Os soviéticos tentaram dar uma sobrevida ao "Koncordski"

 



Quando os voos comerciais do Tu-144 foi encerrado, surgiu a questão sobre o que fazer com as aeronaves já produzidas. Planejava-se transferi-las para as forças armadas, em particular para uso na aviação naval, como aeronaves de apoio aos porta-mísseis Tu-22M Backfire.

A versão Tu-144P (Pomekhovyi, traduz-se para o português como "de interferência" ou "perturbador") seria uma aeronave de guerra eletrônica e reconhecimento, protegendo a formação Backfire quando (teoricamente) atacassem porta-aviões dos EUA.

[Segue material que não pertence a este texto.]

text \<open>Graph distance: length of a shortest path (the graph is assumed connected).\<close>
definition graph_dist :: "('a \<Rightarrow> 'a \<Rightarrow> bool) \<Rightarrow> 'a \<Rightarrow> 'a \<Rightarrow> nat" where
  "graph_dist E u v = (LEAST k. walk_of_len E k u v)"

definition dist_laplacian :: "'a set \<Rightarrow> ('a \<Rightarrow> 'a \<Rightarrow> bool) \<Rightarrow> 'a \<Rightarrow> 'a \<Rightarrow> real" where
  "dist_laplacian V E u v =
     (if u = v then (\<Sum>w\<in>V. real (graph_dist E u w)) else 0) - real (graph_dist E u v)"

definition dist_laplacian_mat :: "'a set \<Rightarrow> ('a \<Rightarrow> 'a \<Rightarrow> bool) \<Rightarrow> (nat \<Rightarrow> 'a) \<Rightarrow> real mat" where
  "dist_laplacian_mat V E e = mat (card V) (card V) (\<lambda>(i, j). dist_laplacian V E (e i) (e j))"

end

(*
  The non-commuting graph of M_2mn is complete multipartite. Writing every element uniquely as
  a^i b^j (i < m, j < 2n), the relation b a^k = a^(-k) b shows that a^i b^j and a^k b^l commute
  iff 2 (if l odd then i else 0) = 2 (if j odd then k else 0) mod m; as m is odd, the centre is
  {b^j : j even}, and two non-central elements commute iff they lie in the same part, the parts
  being {a^i b^j : i <> 0, j even} (of size (m - 1) n) and {a^i b^j : j odd} for each i < m
  (of size n each).

  In a complete multipartite graph with at least two parts, distances are 1 between parts and 2
  inside a part, so the distance Laplacian on N vertices is diag(N + p(u)) - J - B, where p(u) is
  the size of the part of u and B the 0/1 matrix of lying in the same part. It is diagonalised
  explicitly: the all-ones vector has eigenvalue 0, the differences of normalised part indicators
  give eigenvalue N with multiplicity (#parts - 1), and differences of unit vectors inside a part
  of size p give eigenvalue N + p with multiplicity p - 1. With N = (2m - 1) n and m + 1 parts
  this is the stated spectrum.
*)
theory Submission
  imports Defs
begin

section \<open>Distance Laplacians of complete multipartite graphs\<close>

lemma graph_dist_refl: "graph_dist E u u = 0"
  unfolding graph_dist_def by (rule Least_eq_0) simp

lemma graph_dist_eq_1:
  assumes "E u v" and "u \<noteq> v"
  shows "graph_dist E u v = 1"
  unfolding graph_dist_def
proof (rule Least_equality)
  show "walk_of_len E 1 u v" using assms by simp
  show "1 \<le> k" if "walk_of_len E k u v" for k
    using that assms by (cases k) auto
qed

lemma graph_dist_eq_2:
  assumes "u \<noteq> v" and "\<not> E u v" and "E u w" and "E w v"
  shows "graph_dist E u v = 2"
  unfolding graph_dist_def
proof (rule Least_equality)
  show "walk_of_len E 2 u v" using assms by (auto simp: numeral_2_eq_2)
  show "2 \<le> k" if "walk_of_len E k u v" for k
  proof (rule ccontr)
    assume "\<not> 2 \<le> k"
    then have "k = 0 \<or> k = 1" by linarith
    then show False using that assms(1,2) by auto
  qed
qed

lemma char_poly_eq_prod_if_diagonalised:
  fixes M P Q :: "'b::field mat" and d :: "nat \<Rightarrow> 'b"
  assumes carrier: "M \<in> carrier_mat N N" "P \<in> carrier_mat N N" "Q \<in> carrier_mat N N"
    and QP: "Q * P = 1\<^sub>m N"
    and MP: "M * P = P * mat N N (\<lambda>(i, j). if i = j then d i else 0)"
  shows "char_poly M = (\<Prod>i<N. [:- d i, 1:])"
proof -
  define T where "T = mat N N (\<lambda>(i, j). if i = j then d i else 0)"
  have T: "T \<in> carrier_mat N N"
    by (simp add: T_def)
  have PQ: "P * Q = 1\<^sub>m N"
    using mat_mult_left_right_inverse carrier QP by blast
  have "M = P * T * Q"
    using carrier by (metis MP[folded T_def] PQ assoc_mult_mat right_mult_one_mat)
  then have "similar_mat M T"
    unfolding similar_mat_def using similar_mat_witI[OF PQ QP _ carrier(1) T carrier(2,3)] by blast
  then have "char_poly M = char_poly T"
    by (rule char_poly_similar)
  also have "\<dots> = (\<Prod>x\<leftarrow>diag_mat T. [:- x, 1:])"
    by (rule char_poly_upper_triangular[OF T]) (auto simp: T_def upper_triangular_def)
  also have "\<dots> = (\<Prod>i<N. [:- d i, 1:])"
    by (simp add: diag_mat_def T_def prod.distinct_set_conv_list[symmetric] atLeast0LessThan)
  finally show ?thesis .
qed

Outra variante, o DP-2 (Dalniy Perekhvatchik, interceptor de longo alcance), deveria transportar mísseis ar-ar, também para proteger formações de Tu-22M. Finalmente, o Tu-144PP deveria ser uma combinação de ambos os conceitos, um interceptador e um avião de escolta com capacidade de interferência eletrônica.

Outro projeto, o Tu-144MR, seria uma aeronave de ataque e reconhecimento, equipada com dois mísseis antinavio pesados ​​Kh-45, para a Marinha da URSS.

Como parte dos preparativos preliminares, em julho de 1983, a aeronave CCCP-77114 chegou à base de aviação naval em Kipelovo, perto de Vologda, onde especialistas militares se familiarizaram com ela. Lá, a tripulação comandada pelo piloto militar Sergei Agapov quebrou uma série de recordes com o Tu-144D, incluindo atingir uma altitude de 18.200 metros e uma velocidade média de 2.035 km/h em um circuito fechado de 1.000 km, e 2.012 km/h em um voo de 2.000 km.




No fim das contas, o plano de transferir os Tu-144 para o serviço militar não foi implementado. Eles permaneceram na base da Tupolev em Zhukovsky e foram usados ​​ocasionalmente para experimentos. Alguns foram utilizados como ferramentas de ensino, peças de museu e monumentos.